After finding the line with "fix i j assume" in the data below, set down exactly each line through the one with "then show ?thesis", inclusive, and stop there.
*****
(* Let $\Omega\subset\mathbb{R}^n$ be an open bounded connected domain. Assume there exists a web viscosity solution $u$ to the Dirichlet problem $$-\Delta_\infty u=1\ \text{in }\Omega,\qquad u=0\ \text{on }\partial\Omega.$$ Then $u=\phi_\Omega$, where $\phi_\Omega(x)=c_0\left[\rho_\Omega^{4/3}-(\rho_\Omega-d_{\partial\Omega}(x))^{4/3}\right]$ with $c_0=3^{4/3}/4$, and $\operatorname{Cut}(\Omega)=M(\Omega)$.
   Context: $d_{\partial\Omega}(x)=\min_{y\in\partial\Omega}|x-y|$; $\rho_\Omega=\max_{\overline\Omega}d_{\partial\Omega}$. $\Sigma(\Omega)$ is the set of points of $\Omega$ where $d_{\partial\Omega}$ is not differentiable; $\operatorname{Cut}(\Omega)=\overline{\Sigma(\Omega)}$; $M(\Omega)=\{x\in\overline\Omega:d_{\partial\Omega}(x)=\rho_\Omega\}$. A web function is a function of the form $u(x)=f(d_{\partial\Omega}(x))$ with $f:[0,\rho_\Omega]\to\mathbb{R}$ continuous. $\Delta_\infty\varphi=\langle D^2\varphi\,\nabla\varphi,\nabla\varphi\rangle$. A viscosity solution of the Dirichlet problem is $u\in C^0(\overline\Omega)$ with $u=0$ on $\partial\Omega$ such that: whenever $\varphi\in C^2(\Omega)$ and $\varphi-u$ has a local minimum at $x_0\in\Omega$, then $-\Delta_\infty\varphi(x_0)\le1$; and whenever $\varphi\in C^2(\Omega)$ and $\varphi-u$ has a local maximum at $x_0\in\Omega$, then $-\Delta_\infty\varphi(x_0)\ge1$. *)

theory Defs
  imports "HOL-Analysis.Analysis"
begin
lemma dyadic_urysohn_fun_greater_iff:
  assumes "0 \<le> a"
  shows "a < dyadic_urysohn_fun G x \<longleftrightarrow> (\<exists>s \<in> dyadics \<inter> {0..1}. a < s \<and> x \<notin> X closure_of G s)"
proof
  assume "a < dyadic_urysohn_fun G x"
  then obtain s where s: "s \<in> dyadics" "a < s" "s < dyadic_urysohn_fun G x"
    by (rule dyadic_between[OF assms])
  have "0 \<le> s"
    using assms s(2) by simp
  then obtain s' where s': "s' \<in> dyadics" "s < s'" "s' < dyadic_urysohn_fun G x"
    using s(3) by (rule dyadic_between)
  have "dyadic_urysohn_fun G x \<le> 1"
    by (rule dyadic_urysohn_fun_le_1)
  with assms s s' have D: "s \<in> dyadics \<inter> {0..1}" "s' \<in> dyadics \<inter> {0..1}"
    by auto
  have "x \<notin> G s'"
    using dyadic_urysohn_fun_le[of s' x G] D(2) s'(3) by auto
  then have "x \<notin> X closure_of G s"
    using closure_chain[OF D s'(2)] by blast
  with D(1) s(2) show "\<exists>s \<in> dyadics \<inter> {0..1}. a < s \<and> x \<notin> X closure_of G s"
    by blast
next
  assume "\<exists>s \<in> dyadics \<inter> {0..1}. a < s \<and> x \<notin> X closure_of G s"
  then obtain s where s: "s \<in> dyadics \<inter> {0..1}" "a < s" "x \<notin> X closure_of G s"
    by blast
  have "G s \<subseteq> X closure_of G s"
    using open_chain[OF s(1)] by (simp add: closure_of_subset openin_subset)
  with s(3) have "x \<notin> G s"
    by blast
  then show "a < dyadic_urysohn_fun G x"
    using dyadic_urysohn_fun_ge[OF s(1)] s(2) by (meson order.strict_trans2)
qed
lemma stride_perm_mod_gcd:
  fixes c n j :: nat
  assumes "j < n"
  defines "G \<equiv> gcd c n" and "m \<equiv> n div gcd c n"
  shows "stride_perm n c j mod G = G - 1 - j div m"
proof -
  have "G dvd n" "G dvd c"
    unfolding G_def by simp_all
  then have "stride_perm n c j mod G = (j * c + (G - 1 - j div m)) mod G"
    using assms(1) unfolding stride_perm_def stride_lift_def G_def m_def by (simp add: mod_mod_cancel)
  also have "\<dots> = G - 1 - j div m"
    using \<open>G dvd c\<close> assms(1) unfolding G_def by (auto simp: mod_add_left_eq[symmetric])
  finally show ?thesis .
qed

lemma stride_perm_eq:
  fixes c n j :: nat
  assumes "j < n"
  defines "G \<equiv> gcd c n" and "m \<equiv> n div gcd c n"
  shows "stride_perm n c j = (j mod m * c + (G - 1 - j div m)) mod n"
proof -
  obtain c' where c: "c = G * c'"
    unfolding G_def by (meson gcd_dvd1 dvdE)
  have n: "n = m * G"
    unfolding m_def G_def by simp
  have "j * c = (j mod m + j div m * m) * c"
    by simp
  also have "\<dots> = j mod m * c + j div m * c' * n"
    unfolding c n by (simp only: distrib_left distrib_right ac_simps)
  finally have jc: "j * c = j mod m * c + j div m * c' * n" .
  have "stride_perm n c j = (j * c + (G - 1 - j div m)) mod n"
    using assms(1) unfolding stride_perm_def stride_lift_def G_def m_def by simp
  also have "j * c + (G - 1 - j div m) = (j mod m * c + (G - 1 - j div m)) + j div m * c' * n"
    unfolding jc by simp
  also have "(j mod m * c + (G - 1 - j div m) + j div m * c' * n) mod n
      = (j mod m * c + (G - 1 - j div m)) mod n"
    by (rule mod_mult_self1)
  finally show ?thesis .
qed

text \<open>The residue modulo \<open>gcd c n\<close> recovers the block \<open>j div m\<close>; inside a block, \<open>j mod m\<close> is
  recovered because \<open>c\<close> has order \<open>m\<close> modulo \<open>n\<close>.\<close>
lemma inj_on_stride_perm: "inj_on (stride_perm n c) {..<n}"
proof (rule inj_onI)
  fix i j assume i: "i \<in> {..<n}" and j: "j \<in> {..<n}" and eq: "stride_perm n c i = stride_perm n c j"
  define m where "m = n div gcd c n"
  have "0 < m"
    using i unfolding m_def by (simp add: div_greater_zero_iff)
  have same_block: "i div m = j div m"
    using stride_perm_mod_gcd[of i n c] stride_perm_mod_gcd[of j n c]
      div_div_gcd_less[of i n c] div_div_gcd_less[of j n c] eq i j
    unfolding m_def by simp
  then have "[j mod m * c = i mod m * c] (mod n)"
    using eq stride_perm_eq[of i n c] stride_perm_eq[of j n c] i j
    unfolding m_def by (simp add: cong_def[symmetric] cong_add_rcancel_nat)
  then have "j mod m = i mod m"
    using inj_onD[OF inj_on_mult_mod, of "j mod m" c n "i mod m"] \<open>0 < m\<close>
    unfolding cong_def m_def by simp
  with same_block show "i = j"
    by (metis div_mult_mod_eq)
qed

lemma bij_betw_stride_perm: "bij_betw (stride_perm n c) {..<n} {..<n}"
proof (cases "n = 0")
  case False
  then show ?thesis
    using inj_on_stride_perm
    by (intro bij_betw_imageI endo_inj_surj) (auto simp: stride_perm_def)
qed (simp add: bij_betw_def)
*****
:: YOUR RESPONSE ::
  fix i j assume i: "i \<in> {..<n}" and j: "j \<in> {..<n}" and eq: "stride_perm n c i = stride_perm n c j"
  define m where "m = n div gcd c n"
  have "0 < m"
    using i unfolding m_def by (simp add: div_greater_zero_iff)
  have same_block: "i div m = j div m"
    using stride_perm_mod_gcd[of i n c] stride_perm_mod_gcd[of j n c]
      div_div_gcd_less[of i n c] div_div_gcd_less[of j n c] eq i j
    unfolding m_def by simp
  then have "[j mod m * c = i mod m * c] (mod n)"
    using eq stride_perm_eq[of i n c] stride_perm_eq[of j n c] i j
    unfolding m_def by (simp add: cong_def[symmetric] cong_add_rcancel_nat)
  then have "j mod m = i mod m"
    using inj_onD[OF inj_on_mult_mod, of "j mod m" c n "i mod m"] \<open>0 < m\<close>
    unfolding cong_def m_def by simp
  with same_block show "i = j"
    by (metis div_mult_mod_eq)
qed

lemma bij_betw_stride_perm: "bij_betw (stride_perm n c) {..<n} {..<n}"
proof (cases "n = 0")
  case False
  then show ?thesis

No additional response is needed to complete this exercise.